В нашей профессии, кроме прочих всяких границ, есть и границы совместимости с ролью, границы возраста.
В своем творчестве актеры постепенно накапливают мастерство, на это уходят многие годы. Так вот, период, когда актер все может сделать и профессионально и физически, до момента, когда он может только профессионально, а физически уже нет, этот период у разных актеров неодинаков. Есть среди нас долгожители. Но у других этот творчески полнокровный период значительно короче. В этом отношении наша профессия жестока, ибо сцена увеличивает нюансы игры, все твои ошибки, выявляет физическую твою немощь. Ведь с годами тебе все труднее переносить и психологические загрузки. Требуется более длительный отдых, покой.
– Два последних года вы проводите отпуск на острове Сааремаа. Почему отдыхаете «дикарем», а не в санатории или доме отдыха?
– Такое уединенное место, как остров Сааремаа дает редкую возможность отключиться от человеческого общества. Наша дерганая профессия заставляет нас все время быть на людях. Мы не можем без зрителей, но иногда так хочется побыть наедине с самим собой.
– Чем занимаетесь в такое время? Собираете грибы, ягоды, ловите рыбу?

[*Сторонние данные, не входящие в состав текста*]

(* Let $G$ be a graph and $(x,y)\in E(G)$ with $d_x=d_y=d$. Let $\Delta_G(x,y)=N_G(x)\cap N_G(y)$, $Q_G(x)=N_G(x)\setminus\Delta_G(x,y)$ and $Q_G(y)=N_G(y)\setminus\Delta_G(x,y)$. Then $\kappa(x,y)=\frac{|\Delta_G(x,y)|}{d}$ if and only if there is a perfect matching between $Q_G(x)$ and $Q_G(y)$, i.e. a bijection $\sigma:Q_G(x)\to Q_G(y)$ with $(a,\sigma(a))\in E(G)$ for all $a\in Q_G(x)$.
   Context: Graphs are locally finite and unweighted. $d_G$ is the shortest-path metric, $N_G(v)$ the neighbour set and $d_v$ the degree of $v$; $m_v$ is the uniform probability measure on $N_G(v)$, and for an edge $(x,y)$, $\kappa(x,y)=1-W_1(m_x,m_y)$, where $W_1$ is the Wasserstein-1 (transportation) distance with respect to $d_G$. Note that $y\in Q_G(x)$ and $x\in Q_G(y)$. *)

theory Defs
  imports Complex_Main "HOL-Library.Extended_Nat"
begin

text \<open>A graph on vertex type 'a is given by an edge relation E, assumed symmetric,
irreflexive and locally finite in the theorem.\<close>

definition nbrs :: "('a \<Rightarrow> 'a \<Rightarrow> bool) \<Rightarrow> 'a \<Rightarrow> 'a set" where
  "nbrs E v = {u. E v u}"

definition deg :: "('a \<Rightarrow> 'a \<Rightarrow> bool) \<Rightarrow> 'a \<Rightarrow> nat" where
  "deg E v = card (nbrs E v)"

definition gdist :: "('a \<Rightarrow> 'a \<Rightarrow> bool) \<Rightarrow> 'a \<Rightarrow> 'a \<Rightarrow> enat" where
  "gdist E u v = (if \<exists>n p. p (0::nat) = u \<and> p n = v \<and> (\<forall>i<n. E (p i) (p (Suc i)))
     then enat (LEAST n. \<exists>p. p (0::nat) = u \<and> p n = v \<and> (\<forall>i<n. E (p i) (p (Suc i))))
     else \<infinity>)"

definition unif_nbr :: "('a \<Rightarrow> 'a \<Rightarrow> bool) \<Rightarrow> 'a \<Rightarrow> 'a \<Rightarrow> real" where
  "unif_nbr E v u = (if u \<in> nbrs E v then 1 / real (deg E v) else 0)"

definition couplings :: "'a set \<Rightarrow> ('a \<Rightarrow> real) \<Rightarrow> 'a set \<Rightarrow> ('a \<Rightarrow> real) \<Rightarrow> ('a \<Rightarrow> 'a \<Rightarrow> real) set" where
  "couplings A mu B nu = {pi. (\<forall>u v. 0 \<le> pi u v) \<and>
      (\<forall>u v. pi u v \<noteq> 0 \<longrightarrow> u \<in> A \<and> v \<in> B) \<and>
      (\<forall>u. (\<Sum>v\<in>B. pi u v) = mu u) \<and>
      (\<forall>v. (\<Sum>u\<in>A. pi u v) = nu v)}"

text \<open>Pairs in the support of a plan at infinite distance are excluded (cost would be infinite);
for the neighbourhoods of an edge all distances are finite.\<close>
definition W1 :: "('a \<Rightarrow> 'a \<Rightarrow> bool) \<Rightarrow> 'a set \<Rightarrow> ('a \<Rightarrow> real) \<Rightarrow> 'a set \<Rightarrow> ('a \<Rightarrow> real) \<Rightarrow> real" where
  "W1 E A mu B nu = Inf {(\<Sum>(u,v)\<in>A \<times> B. pi u v * real (the_enat (gdist E u v))) | pi.
      pi \<in> couplings A mu B nu \<and> (\<forall>u v. pi u v \<noteq> 0 \<longrightarrow> gdist E u v \<noteq> \<infinity>)}"

definition kappa :: "('a \<Rightarrow> 'a \<Rightarrow> bool) \<Rightarrow> 'a \<Rightarrow> 'a \<Rightarrow> real" where
  "kappa E x y = 1 - W1 E (nbrs E x) (unif_nbr E x) (nbrs E y) (unif_nbr E y)"

definition Delta :: "('a \<Rightarrow> 'a \<Rightarrow> bool) \<Rightarrow> 'a \<Rightarrow> 'a \<Rightarrow> 'a set" where
  "Delta E x y = nbrs E x \<inter> nbrs E y"

definition Qset :: "('a \<Rightarrow> 'a \<Rightarrow> bool) \<Rightarrow> 'a \<Rightarrow> 'a \<Rightarrow> 'a set" where
  "Qset E x y = nbrs E x - Delta E x y"

end

theory Submission
  imports Defs
begin

text \<open>Every coupling of the uniform measures on the neighbourhoods moves the mass \<open>1/d\<close> of each
vertex of \<open>Q(x)\<close> a distance at least 1, so \<open>W\<^sub>1 \<ge> |Q(x)|/d\<close>, i.e. \<open>\<kappa>(x,y) \<le> |\<Delta>|/d\<close>; a perfect
matching \<open>\<sigma>\<close> gives the plan that fixes \<open>\<Delta>\<close> and sends each \<open>a\<close> to \<open>\<sigma>(a)\<close>, which attains the bound.
Conversely, without a perfect matching Hall's theorem yields \<open>S \<subseteq> Q(x)\<close> whose neighbourhood \<open>T\<close>
in \<open>Q(y)\<close> is smaller than \<open>S\<close>. Mass leaving \<open>S\<close> either travels distance 2 into \<open>Q(y) - T\<close> or
lands in \<open>\<Delta> \<union> T\<close>; the mass \<open>Q(x)\<close> sends into \<open>\<Delta>\<close> must be passed on from \<open>\<Delta>\<close> into \<open>Q(y)\<close> at
cost 1, and at most \<open>|T|/d\<close> can land in \<open>T\<close>. So every plan costs at least
\<open>(|Q(x)| + |S| - |T|)/d > |Q(x)|/d\<close>.\<close>

definition walk :: "('a \<Rightarrow> 'a \<Rightarrow> bool) \<Rightarrow> nat \<Rightarrow> 'a \<Rightarrow> 'a \<Rightarrow> bool" where
  "walk E n u v \<longleftrightarrow> (\<exists>p. p 0 = u \<and> p n = v \<and> (\<forall>i<n. E (p i) (p (Suc i))))"

lemma gdist_eq_Least_walk:
  "gdist E u v = (if \<exists>n. walk E n u v then enat (LEAST n. walk E n u v) else \<infinity>)"
  unfolding gdist_def walk_def by simp

lemma walk_0_iff [simp]: "walk E 0 u v \<longleftrightarrow> u = v"
  unfolding walk_def by auto

text \<open>Stated for \<open>Suc 0\<close> rather than \<open>1\<close>, since the simplifier rewrites \<open>1 :: nat\<close> to \<open>Suc 0\<close>.\<close>

lemma walk_Suc_0_iff [simp]: "walk E (Suc 0) u v \<longleftrightarrow> E u v"
proof
  assume "E u v"
  then show "walk E (Suc 0) u v"
    unfolding walk_def by (intro exI[of _ "\<lambda>i. if i = 0 then u else v"]) simp
qed (auto simp: walk_def)

lemma walk_snoc:
  assumes "walk E n u w" "E w v"
  shows "walk E (Suc n) u v"
proof -
  obtain p where "p 0 = u" "p n = w" "\<forall>i<n. E (p i) (p (Suc i))"
    using assms(1) unfolding walk_def by blast
  then show ?thesis
    using assms(2) unfolding walk_def
    by (intro exI[of _ "p(Suc n := v)"]) (auto simp: less_Suc_eq)
qed

lemma gdist_finite_if_walk: "walk E n u v \<Longrightarrow> gdist E u v \<noteq> \<infinity>"
  by (auto simp: gdist_eq_Least_walk)

lemma walk_the_gdist: "gdist E u v \<noteq> \<infinity> \<Longrightarrow> walk E (the_enat (gdist E u v)) u v"
  by (auto simp: gdist_eq_Least_walk split: if_splits intro: LeastI_ex)

lemma gdist_self: "gdist E u u = 0"
  by (auto simp: gdist_eq_Least_walk zero_enat_def intro: exI[of _ 0])

lemma gdist_edge:
  assumes "E u v" "u \<noteq> v"
  shows "gdist E u v = 1"
proof -
  have "(LEAST n. walk E n u v) = Suc 0"
  proof (rule Least_equality)
    fix n assume "walk E n u v"
    then show "Suc 0 \<le> n" using assms(2) by (cases n) auto
  qed (simp add: assms(1))
  moreover have "\<exists>n. walk E n u v"
    using assms(1) by (intro exI[of _ "Suc 0"]) simp
  ultimately show ?thesis
    by (simp add: gdist_eq_Least_walk one_enat_def)
qed

lemma one_le_gdist: "gdist E u v \<noteq> \<infinity> \<Longrightarrow> u \<noteq> v \<Longrightarrow> 1 \<le> the_enat (gdist E u v)"
  using walk_the_gdist walk_0_iff by (metis less_one not_less)

lemma two_le_gdist:
  "gdist E u v \<noteq> \<infinity> \<Longrightarrow> u \<noteq> v \<Longrightarrow> \<not> E u v \<Longrightarrow> 2 \<le> the_enat (gdist E u v)"
  using walk_the_gdist walk_0_iff walk_Suc_0_iff
  by (metis less_2_cases not_less)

– Никаких особых хобби у меня нет. Грибы-ягоды собираю, когда они есть, а если нет, спокойно могу и без них обойтись. И рыбалка тоже. Обычно в отпуск я беру какую-нибудь работу: разучиваю новый текст, готовлю программу или обдумываю роль, которую придется играть в предстоящем сезоне. В последние годы всегда беру с собой работу. Правда, не так уж много удается сделать, но совсем отключиться не могу. Вернее, могу, но не хочу.
– Почему? Боитесь выбиться из привычного ритма, в который будет потом трудно войти?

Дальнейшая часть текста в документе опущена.